Lesson 1 may not apply to you now, but Lessons 2-4 will always apply.

Comment:  What are you doing to ensure this level of understanding of O&M is generated in your council and staff (or in your senior management and board)

Is it really a ‘Rip Off?’

Managing the media is a fine balancing act

Without buying into any nonsense about ‘fake’ news, we do know that the media has a hard time coming to grips with infrastructure issues and presenting them clearly to their readers.  This is true, even when the journalists are not seeking the sensational.

Take the following example.  In 2005, the City of Toronto faced a sudden $60M hole in its budget when the Province reduced its funding at short notice. It made a deal with Toronto Hydro, a wholly owned trading enterprise of the City, to buy its street lights for $60 M and lease them back to the City. The contract details, when released, showed that the City had agreed to pay $13.6 M a year to lease back the lights. The Press had field day and the Council went on the defensive.  (Additional fact: The City tried to block the release of the contract and it took 5 years for a Freedom of Information request to produce the information requested.)

The news story about Toronto City Council selling off its street lights and leasing them back put the City Councillors on the back foot, fending off public criticism of the “rip-off”. On the face of it, you can see why the public were angry when the figures were stated baldly as selling off for $60M and paying close to $420M over the next 30 years to lease them back.

So today, two questions

  1. Was this a fair comparison?  Are these figures really comparable?  Anticipating media reaction, what extra information would you  have required, what questions would you have asked – and potentially discussed in a media release?  How would you have handled this situation?   What would you have advised the Toronto City Council to do?
  2. Or, What have you learned from media storms like this that you could pass on to others, ways of ensuring readers could potentially get a better understanding of what is really happening?

Leave room for doubt

Should I jump?

In 1993 a very successful American bond trader gathered together a few of his disciples and a handful of super-economists and set up a new hedge fund company that promised to be different from anything that had gone before.

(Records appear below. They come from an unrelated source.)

(* Let $T^\ast$ be the minimal matrix representation of a $0/1$-triangle $\mathcal{T}$ in $[0,1]^n$, written (as is always possible) with nonnegative integers $a,b,c,d$, $a+b+c+d=n$, such that the first $a$ rows of $T^\ast$ are $(0,1,1)$, the next $b$ rows $(0,1,0)$, the next $c$ rows $(0,0,1)$ and the last $d$ rows $(0,0,0)$, where $1\le a+b$, $a\le b\le c$. Then: if $a=0$, $\mathcal{T}$ is a right triangle; if $a>0$, $\mathcal{T}$ has acute angles only.
   Context: A $0/1$-triangle in $[0,1]^n$ is the convex hull of three distinct points of $\{0,1\}^n$. Column number of $x\in\{0,1\}^n$: $(2^0,\dots,2^{n-1})x$. For an $n\times k$ $0/1$-matrix $P$ with distinct columns, $\nu(P)$ is the increasingly sorted vector of its column numbers. $P$ is a minimal matrix representation if its column numbers are strictly increasing left to right and $\nu(P)\preceq\nu(Q)$ lexicographically for every $Q$ obtained from $P$ by complementing some subset of its rows and then permuting its rows. *)

theory Defs
  imports Complex_Main "HOL-Combinatorics.Permutations"
begin
lemma bdf3_energy_increment:
  assumes "\<tau> m \<noteq> 0" "\<tau> (m - 1) \<noteq> 0"
  shows "2 * (\<xi> (Suc m) * (\<tau> (Suc m) * bdf3_conv \<tau> \<xi> (Suc m))) - 1/50 * \<tau> (Suc m) * (\<xi> (Suc m))^2
    = bdf3_energy \<tau> \<xi> (Suc m) - bdf3_energy \<tau> \<xi> m
      + \<tau> m * bdf3_step_form (ratio \<tau> (Suc m)) (ratio \<tau> m) (\<xi> (Suc m)) (\<xi> m) (\<xi> (m - 1))"
proof -
  define x y where "x = ratio \<tau> (Suc m)" and "y = ratio \<tau> m"
  have "\<tau> (Suc m) = x * \<tau> m" "\<tau> (m - 1) = \<tau> m / y" "y \<noteq> 0"
    using assms by (simp_all add: x_def y_def ratio_def)
  moreover have "Suc m - 2 = m - 1"
    by simp
  ultimately show ?thesis
    unfolding bdf3_conv_def bdf3_energy_def bdf3_step_form_def diff_Suc_1 \<open>Suc m - 2 = m - 1\<close>
    unfolding x_def[symmetric] y_def[symmetric]
    by (simp add: field_simps power2_eq_square)
qed
theorem corollary15:
  fixes F :: "'a::euclidean_space measure \<Rightarrow> real"
    and dF :: "'a measure \<Rightarrow> 'a \<Rightarrow> real"
    and U :: "'a \<Rightarrow> real"
    and p \<sigma> L_F M_F :: real
  assumes p: "p \<ge> 1" and sigma: "\<sigma> > 0"
    and F_nonneg: "\<And>m. prob_borel m \<Longrightarrow> F m \<ge> 0"
    and dF_cont: "\<And>ms m xs x. (\<forall>n. prob_borel (ms n)) \<Longrightarrow> prob_borel m \<Longrightarrow>
         weak_conv ms m \<Longrightarrow> xs \<longlonglongrightarrow> x \<Longrightarrow> (\<lambda>n. dF (ms n) (xs n)) \<longlonglongrightarrow> dF m x"
    and dF_deriv: "\<And>m0 m1. prob_borel m0 \<Longrightarrow> prob_borel m1 \<Longrightarrow>
         F m1 - F m0 = (LINT l:{0..1}|lborel.
            (\<integral> x. dF (mix l m0 m1) x \<partial>m1) - (\<integral> x. dF (mix l m0 m1) x \<partial>m0))"
    and LF: "L_F > 0" and MF: "M_F > 0"
    and dF_lip: "\<And>m m' x x'. prob_borel m \<Longrightarrow> prob_borel m' \<Longrightarrow>
         ennreal \<bar>dF m x - dF m' x'\<bar> \<le> ennreal L_F * (wass p m m' + ennreal (dist x x'))"
    and dF_bound: "\<And>m x. prob_borel m \<Longrightarrow> \<bar>dF m x\<bar> \<le> M_F"
    and U_meas: "U \<in> borel_measurable borel"
    and U_norm: "(\<integral>\<^sup>+ x. ennreal (exp (- U x)) \<partial>lborel) = 1"
    and U_essinf: "\<exists>c. AE x in lborel. U x \<ge> c"
    and U_growth: "Liminf at_infinity (\<lambda>x. ereal (U x / norm x powr p)) > 0"
  shows "(\<forall>m. prob_p p m \<longrightarrow> prob_p p (Phi \<sigma> dF U m)) \<and>
         (\<exists>K>0. \<forall>m m'. prob_p p m \<longrightarrow> prob_p p m' \<longrightarrow>
            enn2real (wass p (Phi \<sigma> dF U m) (Phi \<sigma> dF U m'))
              \<le> K * enn2real (wass p m m') powr (1 / p))"
proof -
  interpret gibbs_reference U
    using U_meas U_norm by unfold_locales
  define c where "c = 2 / \<sigma>\<^sup>2"
  define V where "V m = (\<lambda>x. - c * dF m x)" for m
  have "c > 0"
    using sigma by (simp add: c_def)
  have Phi_eq: "Phi \<sigma> dF U m = gibbs_measure U (V m)" for m
    by (simp add: Phi_def gibbs_measure_def gibbs_density_def V_def c_def Let_def)
  have V_meas: "V m \<in> borel_measurable borel" if "prob_p p m" for m
  proof -
    have "dF m \<in> borel_measurable borel"
      using dF_cont[of "\<lambda>_. m" m] that
      by (intro borel_measurable_sequentially_continuous) (simp add: weak_conv_def prob_p_def)
    then show ?thesis
      unfolding V_def by measurable
  qed
  have V_bound: "\<bar>V m x\<bar> \<le> c * M_F" if "prob_p p m" for m x
    using dF_bound[of m x] that \<open>c > 0\<close> by (simp add: V_def abs_mult prob_p_def)
  have V_lipschitz: "\<bar>V m x - V m' x\<bar> \<le> c * L_F * enn2real (wass p m m')"
    if "prob_p p m" "prob_p p m'" for m m' x
  proof -
    have "\<bar>dF m x - dF m' x\<bar> \<le> L_F * enn2real (wass p m m')"
      using dF_lip[of m m' x x] wass_finite[OF that] that p LF
      by (intro ennreal_le_mult_imp_le_enn2real) (simp_all add: prob_p_def)
    moreover have "V m x - V m' x = c * (dF m' x - dF m x)"
      by (simp add: V_def algebra_simps)
    ultimately show ?thesis
      using \<open>c > 0\<close> by (simp add: abs_mult abs_minus_commute mult.assoc mult_left_mono)
  qed
  have moment: "(\<integral>\<^sup>+ x. ennreal (norm x powr p * exp (- U x)) \<partial>lborel) < \<infinity>"
    using nn_integral_norm_powr_exp_finite[OF p U_meas _ U_growth] U_norm by simp
  show ?thesis
    unfolding Phi_eq
    using prob_p_gibbs_measure[OF V_meas V_bound moment] p LF \<open>c > 0\<close>
      gibbs_measure_hoelder[OF _ moment V_meas V_bound V_lipschitz]
    by simp
qed
(* If $M\rightarrow_v N$, $t$ is a canonical term of $\Phi$ and $\langle\!\langle t\rangle\!\rangle=M$, then $t\rightarrow u$ in $\Phi$ for some term $u$ with $\langle\!\langle u\rangle\!\rangle=N$.
   Context: $\lambda$-terms: $M::=x\mid\lambda x.M\mid MN$, variables from a set $\Upsilon$ with a fixed total order, $FV(M)$ the ordered sequence of free variables. Values $V::=x\mid\lambda x.M$; weak call-by-value reduction $\rightarrow_v$: $(\lambda x.M)V\rightarrow_v M\{V/x\}$ for values $V$, closed under $ML$ and $LM$ contexts (no reduction under $\lambda$). $\Phi$: binary function symbol $\mathbf{app}$, constructors $c_{x,M}$ ($M$ a $\lambda$-term, $x\in\Upsilon$) of arity the length of $FV(\lambda x.M)$; $[\![x]\!]=x$, $[\![\lambda x.M]\!]=c_{x,M}(x_1,\dots,x_n)$ with $FV(\lambda x.M)=x_1,\dots,x_n$, $[\![MN]\!]=\mathbf{app}([\![M]\!],[\![N]\!])$; rules $\mathbf{app}(c_{x,M}(x_1,\dots,x_n),x)\rightarrow[\![M]\!]$; rewriting is call-by-value (a step replaces anywhere a subterm $l\sigma$ by $r\sigma$, $\sigma$ mapping variables to constructor terms, i.e. closed terms built only from constructors). $\langle\!\langle x\rangle\!\rangle=x$, $\langle\!\langle\mathbf{app}(u,v)\rangle\!\rangle=\langle\!\langle u\rangle\!\rangle\langle\!\langle v\rangle\!\rangle$, $\langle\!\langle c_{x,M}(t_1,\dots,t_n)\rangle\!\rangle=(\lambda x.M)\{\langle\!\langle t_1\rangle\!\rangle/x_1,\dots,\langle\!\langle t_n\rangle\!\rangle/x_n\}$. A closed term $t$ is canonical if it is a constructor term or $t=\mathbf{app}(u,v)$ with $u,v$ canonical. *)

theory Defs
  imports Main
begin

datatype lam = Var nat | Lam nat lam | App lam lam

fun fv :: "lam \<Rightarrow> nat set" where
  "fv (Var x) = {x}"
| "fv (Lam x M) = fv M - {x}"
| "fv (App M N) = fv M \<union> fv N"

definition fvs :: "lam \<Rightarrow> nat list" where
  "fvs M = sorted_list_of_set (fv M)"

text \<open>Simultaneous substitution (a partial map from variables to terms).
  Only ever applied with closed substituted terms, where it is capture-free.\<close>
fun psubst :: "(nat \<Rightarrow> lam option) \<Rightarrow> lam \<Rightarrow> lam" where
  "psubst \<sigma> (Var y) = (case \<sigma> y of None \<Rightarrow> Var y | Some N \<Rightarrow> N)"
| "psubst \<sigma> (Lam y M) = Lam y (psubst (\<sigma>(y := None)) M)"
| "psubst \<sigma> (App M N) = App (psubst \<sigma> M) (psubst \<sigma> N)"

fun is_value :: "lam \<Rightarrow> bool" where
  "is_value (Var x) = True"
| "is_value (Lam x M) = True"
| "is_value (App M N) = False"

inductive betav :: "lam \<Rightarrow> lam \<Rightarrow> bool" where
  beta: "is_value V \<Longrightarrow> betav (App (Lam x M) V) (psubst (Map.empty(x \<mapsto> V)) M)"
| appL: "betav M M' \<Longrightarrow> betav (App M L) (App M' L)"
| appR: "betav M M' \<Longrightarrow> betav (App L M) (App L M')"

text \<open>Terms over the signature: variables, binary app, constructors c_{x,M}.\<close>
datatype trm = TV nat | TApp trm trm | TC nat lam "trm list"

inductive is_cterm :: "trm \<Rightarrow> bool" where
  "length ts = length (fvs (Lam x M)) \<Longrightarrow> (\<forall>t\<in>set ts. is_cterm t) \<Longrightarrow> is_cterm (TC x M ts)"

fun enc :: "lam \<Rightarrow> trm" where
  "enc (Var x) = TV x"
| "enc (Lam x M) = TC x M (map TV (fvs (Lam x M)))"
| "enc (App M N) = TApp (enc M) (enc N)"

definition rules :: "(trm \<times> trm) set" where
  "rules = {(TApp (TC x M (map TV (fvs (Lam x M)))) (TV x), enc M) | x M. True}"

fun inst :: "(nat \<Rightarrow> trm) \<Rightarrow> trm \<Rightarrow> trm" where
  "inst \<sigma> (TV y) = \<sigma> y"
| "inst \<sigma> (TApp u v) = TApp (inst \<sigma> u) (inst \<sigma> v)"
| "inst \<sigma> (TC x M ts) = TC x M (map (inst \<sigma>) ts)"

inductive rstep :: "trm \<Rightarrow> trm \<Rightarrow> bool" where
  root: "(l, r) \<in> rules \<Longrightarrow> (\<forall>y. is_cterm (\<sigma> y)) \<Longrightarrow> rstep (inst \<sigma> l) (inst \<sigma> r)"
| appL: "rstep u u' \<Longrightarrow> rstep (TApp u v) (TApp u' v)"
| appR: "rstep v v' \<Longrightarrow> rstep (TApp u v) (TApp u v')"
| arg: "i < length ts \<Longrightarrow> rstep (ts ! i) t' \<Longrightarrow> rstep (TC x M ts) (TC x M (ts[i := t']))"

fun dec :: "trm \<Rightarrow> lam" where
  "dec (TV x) = Var x"
| "dec (TApp u v) = App (dec u) (dec v)"
| "dec (TC x M ts) = psubst (map_of (zip (fvs (Lam x M)) (map dec ts))) (Lam x M)"

inductive canonical :: "trm \<Rightarrow> bool" where
  "is_cterm t \<Longrightarrow> canonical t"
| "canonical u \<Longrightarrow> canonical v \<Longrightarrow> canonical (TApp u v)"

end

theory Submission
  imports Defs
begin

text \<open>Decoding sends applications to applications and constructor terms to closed values, so a
  \<open>\<beta>\<^sub>v\<close>-redex in the decoding of a canonical term \<open>t\<close> is the decoding of a subterm
  \<open>app(c\<^sub>x\<^sub>,\<^sub>P(t\<^sub>1,\<dots>,t\<^sub>n), v)\<close> with \<open>v\<close> a constructor term. This subterm is the instance of the rule
  for \<open>c\<^sub>x\<^sub>,\<^sub>P\<close> under \<open>x\<^sub>i \<mapsto> t\<^sub>i, x \<mapsto> v\<close>, and decoding commutes with instantiating \<open>[[P]]\<close>, so the
  rule's right-hand side decodes to the contractum.\<close>

definition closed_subst :: "(nat \<Rightarrow> lam option) \<Rightarrow> bool" where
  "closed_subst \<rho> \<longleftrightarrow> (\<forall>z N. \<rho> z = Some N \<longrightarrow> fv N = {})"

lemma closed_subst_upd_None: "closed_subst \<rho> \<Longrightarrow> closed_subst (\<rho>(y := None))"
  by (simp add: closed_subst_def)

lemma psubst_cong: "(\<And>z. z \<in> fv M \<Longrightarrow> \<sigma> z = \<tau> z) \<Longrightarrow> psubst \<sigma> M = psubst \<tau> M"
proof (induction M arbitrary: \<sigma> \<tau>)
  case (Var x)
  then show ?case by simp
next
  case (Lam y Q)
  have "psubst (\<sigma>(y := None)) Q = psubst (\<tau>(y := None)) Q"
    by (rule Lam.IH) (simp add: Lam.prems)
  then show ?case by simp
next
  case (App M N)
  have "psubst \<sigma> M = psubst \<tau> M" "psubst \<sigma> N = psubst \<tau> N"
    by (rule App.IH; simp add: App.prems)+
  then show ?case by simp
qed

lemma psubst_empty: "psubst Map.empty M = M"
  by (induction M) auto

lemma psubst_closed: "fv N = {} \<Longrightarrow> psubst \<tau> N = N"
  by (metis psubst_cong psubst_empty empty_iff)

lemma psubst_psubst:
  assumes "closed_subst \<rho>"
  shows "psubst \<tau> (psubst \<rho> P) = psubst (\<lambda>z. case \<rho> z of None \<Rightarrow> \<tau> z | Some N \<Rightarrow> Some N) P"
  using assms
proof (induction P arbitrary: \<rho> \<tau>)
  case (Var z)
  then show ?case by (cases "\<rho> z") (auto simp: closed_subst_def psubst_closed)
next
  case (Lam y Q)
  have "(\<lambda>z. case (\<rho>(y := None)) z of None \<Rightarrow> (\<tau>(y := None)) z | Some N \<Rightarrow> Some N)
      = (\<lambda>z. case \<rho> z of None \<Rightarrow> \<tau> z | Some N \<Rightarrow> Some N)(y := None)"
    by (simp add: fun_eq_iff split: option.split)
  then show ?case
    by (simp del: fun_upd_apply add: Lam.IH[OF closed_subst_upd_None[OF Lam.prems]])
qed simp

lemma psubst_single_psubst:
  "closed_subst \<rho> \<Longrightarrow>
    psubst (Map.empty(x \<mapsto> V)) (psubst (\<rho>(x := None)) P) = psubst (\<rho>(x \<mapsto> V)) P"
  by (simp add: psubst_psubst closed_subst_upd_None)
    (auto intro!: arg_cong[where f = "\<lambda>\<sigma>. psubst \<sigma> P"] split: option.split)

lemma fv_psubst:
  "closed_subst \<rho> \<Longrightarrow> fv (psubst \<rho> M) \<subseteq> {z \<in> fv M. \<rho> z = None}"
proof (induction M arbitrary: \<rho>)
  case (Var z)
  then show ?case by (cases "\<rho> z") (auto simp: closed_subst_def)
next
  case (Lam y Q)
  have "fv (psubst (\<rho>(y := None)) Q) \<subseteq> {z \<in> fv Q. (\<rho>(y := None)) z = None}"
    using Lam.IH[OF closed_subst_upd_None[OF Lam.prems]] .
  then show ?case by auto
next
  case (App M N)
  then show ?case using App.IH[OF App.prems] by auto
qed

lemma finite_fv: "finite (fv M)"
  by (induction M) auto

lemma set_fvs: "set (fvs M) = fv M"
  by (simp add: fvs_def finite_fv)

lemma distinct_fvs: "distinct (fvs M)"
  by (simp add: fvs_def)

lemma closed_subst_map_of_zip:
  "(\<And>N. N \<in> set Ns \<Longrightarrow> fv N = {}) \<Longrightarrow> closed_subst (map_of (zip xs Ns))"
  unfolding closed_subst_def by (blast dest: map_of_SomeD set_zip_rightD)

lemma fv_dec_cterm: "is_cterm t \<Longrightarrow> fv (dec t) = {}"
proof (induction rule: is_cterm.induct)
  case (1 ts x M)
  let ?\<rho> = "map_of (zip (fvs (Lam x M)) (map dec ts))"
  have "closed_subst ?\<rho>"
    using "1.IH" by (intro closed_subst_map_of_zip) auto
  moreover have "dom ?\<rho> = fv (Lam x M)"
    using "1.hyps" by (simp add: set_fvs)
  ultimately show ?case
    using fv_psubst[of ?\<rho> "Lam x M"] by auto
qed

lemma dec_inst_enc: "dec (inst \<sigma> (enc P)) = psubst (\<lambda>z. Some (dec (\<sigma> z))) P"
proof (induction P)
  case (Lam x Q)
  have "dec (inst \<sigma> (enc (Lam x Q))) =
      Lam x (psubst ((map_of (zip (fvs (Lam x Q)) (map (\<lambda>z. dec (\<sigma> z)) (fvs (Lam x Q)))))(x := None)) Q)"
    by (simp add: comp_def del: fv.simps)
  also have "\<dots> = Lam x (psubst ((\<lambda>z. Some (dec (\<sigma> z)))(x := None)) Q)"
    by (intro arg_cong[where f = "Lam x"] psubst_cong) (auto simp: map_of_zip_map set_fvs)
  finally show ?case by simp
qed simp_all

lemma canonical_App_cases:
  assumes "canonical t" "dec t = App A B"
  obtains u v where "t = TApp u v" "canonical u" "canonical v" "dec u = A" "dec v = B"
  using assms by cases (auto elim: is_cterm.cases)

lemma canonical_Lam_cases:
  assumes "canonical t" "dec t = Lam x M"
  obtains P ts where "t = TC x P ts" "is_cterm t"
    "M = psubst ((map_of (zip (fvs (Lam x P)) (map dec ts)))(x := None)) P"
  using assms
proof cases
  case 1
  moreover from this obtain y P ts where "t = TC y P ts"
    by cases
  ultimately show ?thesis
    using assms(2) that by auto
qed (use assms(2) in auto)

lemma canonical_value_is_cterm: "canonical v \<Longrightarrow> is_value (dec v) \<Longrightarrow> is_cterm v"
  by (erule canonical.cases) auto

text \<open>The matcher sends the free variables of \<open>\<lambda>x.P\<close> to the arguments \<open>ts\<close> and \<open>x\<close> to \<open>v\<close>;
  variables outside \<open>fv P\<close> are sent to \<open>v\<close> as well, only to make it a constructor substitution.\<close>
lemma rstep_rule_instance:
  assumes ctu: "is_cterm (TC x P ts)" and ctv: "is_cterm v"
  shows "\<exists>u. rstep (TApp (TC x P ts) v) u \<and>
    dec u = psubst ((map_of (zip (fvs (Lam x P)) (map dec ts)))(x \<mapsto> dec v)) P"
proof -
  define xs where "xs = fvs (Lam x P)"
  define \<mu> where "\<mu> = (map_of (zip xs ts))(x \<mapsto> v)"
  define \<sigma> where "\<sigma> z = (case \<mu> z of None \<Rightarrow> v | Some s \<Rightarrow> s)" for z
  from ctu have len: "length ts = length xs" and cts: "\<And>s. s \<in> set ts \<Longrightarrow> is_cterm s"
    by (auto simp: xs_def elim: is_cterm.cases)
  have x_notin: "x \<notin> set xs" and dist: "distinct xs"
    by (simp_all add: xs_def set_fvs distinct_fvs)
  have cterm_\<sigma>: "\<forall>z. is_cterm (\<sigma> z)"
    using ctv cts by (auto simp: \<sigma>_def \<mu>_def split: option.split dest!: map_of_SomeD set_zip_rightD)
  have "map \<sigma> xs = ts"
  proof (rule nth_equalityI)
    fix i assume "i < length (map \<sigma> xs)"
    moreover from this x_notin have "xs ! i \<noteq> x" by (auto dest: nth_mem)
    ultimately show "map \<sigma> xs ! i = ts ! i"
      using map_of_zip_nth[OF len[symmetric] dist] len by (simp add: \<sigma>_def \<mu>_def)
  qed (simp add: len)
  moreover have "\<sigma> x = v"
    by (simp add: \<sigma>_def \<mu>_def)
  ultimately have "inst \<sigma> (TApp (TC x P (map TV xs)) (TV x)) = TApp (TC x P ts) v"
    by (simp add: comp_def)
  moreover have "(TApp (TC x P (map TV xs)) (TV x), enc P) \<in> rules"
    unfolding rules_def xs_def by blast
  ultimately have "rstep (TApp (TC x P ts) v) (inst \<sigma> (enc P))"
    using rstep.root cterm_\<sigma> by metis
  moreover have "dec (inst \<sigma> (enc P)) = psubst ((map_of (zip xs (map dec ts)))(x \<mapsto> dec v)) P"
  proof -
    have "(map_of (zip xs (map dec ts)))(x \<mapsto> dec v) = map_option dec \<circ> \<mu>"
      by (simp add: \<mu>_def zip_map2 map_of_map fun_eq_iff)
    moreover have "\<mu> z \<noteq> None" if "z \<in> fv P" for z
    proof -
      have "z = x \<or> z \<in> set xs"
        using that by (auto simp: xs_def set_fvs)
      then show ?thesis
        using len[symmetric] by (auto simp: \<mu>_def simp del: not_None_eq)
    qed
    ultimately show ?thesis
      by (auto simp: dec_inst_enc \<sigma>_def intro!: psubst_cong split: option.split)
  qed
  ultimately show ?thesis by (auto simp: xs_def)
qed

lemma rstep_simulates_beta:
  assumes "is_value V" "canonical t" "dec t = App (Lam x M) V"
  shows "\<exists>u. rstep t u \<and> dec u = psubst (Map.empty(x \<mapsto> V)) M"
proof -
  obtain w v where t: "t = TApp w v" and "canonical w" "canonical v"
    and w: "dec w = Lam x M" and v: "dec v = V"
    using assms(2,3) by (rule canonical_App_cases)
  obtain P ts where w_TC: "w = TC x P ts" and "is_cterm w"
    and M: "M = psubst ((map_of (zip (fvs (Lam x P)) (map dec ts)))(x := None)) P"
    using \<open>canonical w\<close> w by (rule canonical_Lam_cases)
  have "is_cterm v"
    using canonical_value_is_cterm \<open>canonical v\<close> v assms(1) by blast
  then obtain u where "rstep t u"
    and u: "dec u = psubst ((map_of (zip (fvs (Lam x P)) (map dec ts)))(x \<mapsto> V)) P"
    using rstep_rule_instance[OF \<open>is_cterm w\<close>[unfolded w_TC] \<open>is_cterm v\<close>]
    unfolding t w_TC v by blast
  have "closed_subst (map_of (zip (fvs (Lam x P)) (map dec ts)))"
  proof -
    from \<open>is_cterm w\<close> have "\<forall>s\<in>set ts. is_cterm s"
      by (cases rule: is_cterm.cases) (simp add: w_TC)
    then show ?thesis
      by (intro closed_subst_map_of_zip) (auto simp: fv_dec_cterm)
  qed
  then have "dec u = psubst (Map.empty(x \<mapsto> V)) M"
    unfolding u M by (rule psubst_single_psubst[symmetric])
  with \<open>rstep t u\<close> show ?thesis by blast
qed

theorem lemma7:
  assumes "betav M N" and "canonical t" and "dec t = M"
  shows "\<exists>u. rstep t u \<and> dec u = N"
  using assms
proof (induction arbitrary: t rule: betav.induct)
  case (beta V x M)
  then show ?case by (rule rstep_simulates_beta)
next
  case (appL M M' L)
  obtain u v where t: "t = TApp u v" and "canonical u" "dec u = M" "dec v = L"
    using appL.prems by (rule canonical_App_cases)
  obtain u' where "rstep u u'" "dec u' = M'"
    using appL.IH[OF \<open>canonical u\<close> \<open>dec u = M\<close>] by blast
  then show ?case
    using t \<open>dec v = L\<close> by (intro exI[of _ "TApp u' v"]) (simp add: rstep.appL)
next
  case (appR M M' L)
  obtain u v where t: "t = TApp u v" and "canonical v" "dec u = L" "dec v = M"
    using appR.prems by (rule canonical_App_cases)
  obtain v' where "rstep v v'" "dec v' = M'"
    using appR.IH[OF \<open>canonical v\<close> \<open>dec v = M\<close>] by blast
  then show ?case
    using t \<open>dec u = L\<close> by (intro exI[of _ "TApp u v'"]) (simp add: rstep.appR)
qed

end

The new company apparently genuinely believed that their ingenious computer models would allow them to bet on the future with near mathematical certainty. Because their team had some high powered players – including two who were to be future Nobel Prize winners – investors believed them. The company portfolio grew quickly to $100 billion when a default in Russia set in train a sequence of events that the models had not anticipated. This placed the whole financial system at risk and the Federal Reserve quickly called in Wall Street’s leading bankers to underwrite a bailout. Roger Lowenstein in “When Genius Failed” (Fourth Estate. 2002) tells the whole fascinating story.

How could anybody – let alone the super intellects in that hedge fund company – possibly believe that a computer model, no matter how finely tuned, could predict ‘with near mathematical certainty’ future stock markets (which, after all, reflect the volatility that Keynes referred to as ‘animal spirits’).   How could investors clever enough to have amassed the funds to invest, believe them!

Pondering these questions, I thought of the managers I have met who so passionately believe in their models that they brook no doubt, no exploration of better ways, no questioning – and I thought of the problems that this causes. Possibly it starts because to get financial backing in the first place, either from your organisation or from the market, you need to assume and project confidence.

However, confidence is one thing, blind confidence completely another.

So my question for you today is:  How do we transit from the confidence we need  to be persuasive before the project is adopted, to the level of confidence we need,  after the project is adopted,  that allows some room for doubt enabling resilience when the world changes (as it certainly will)?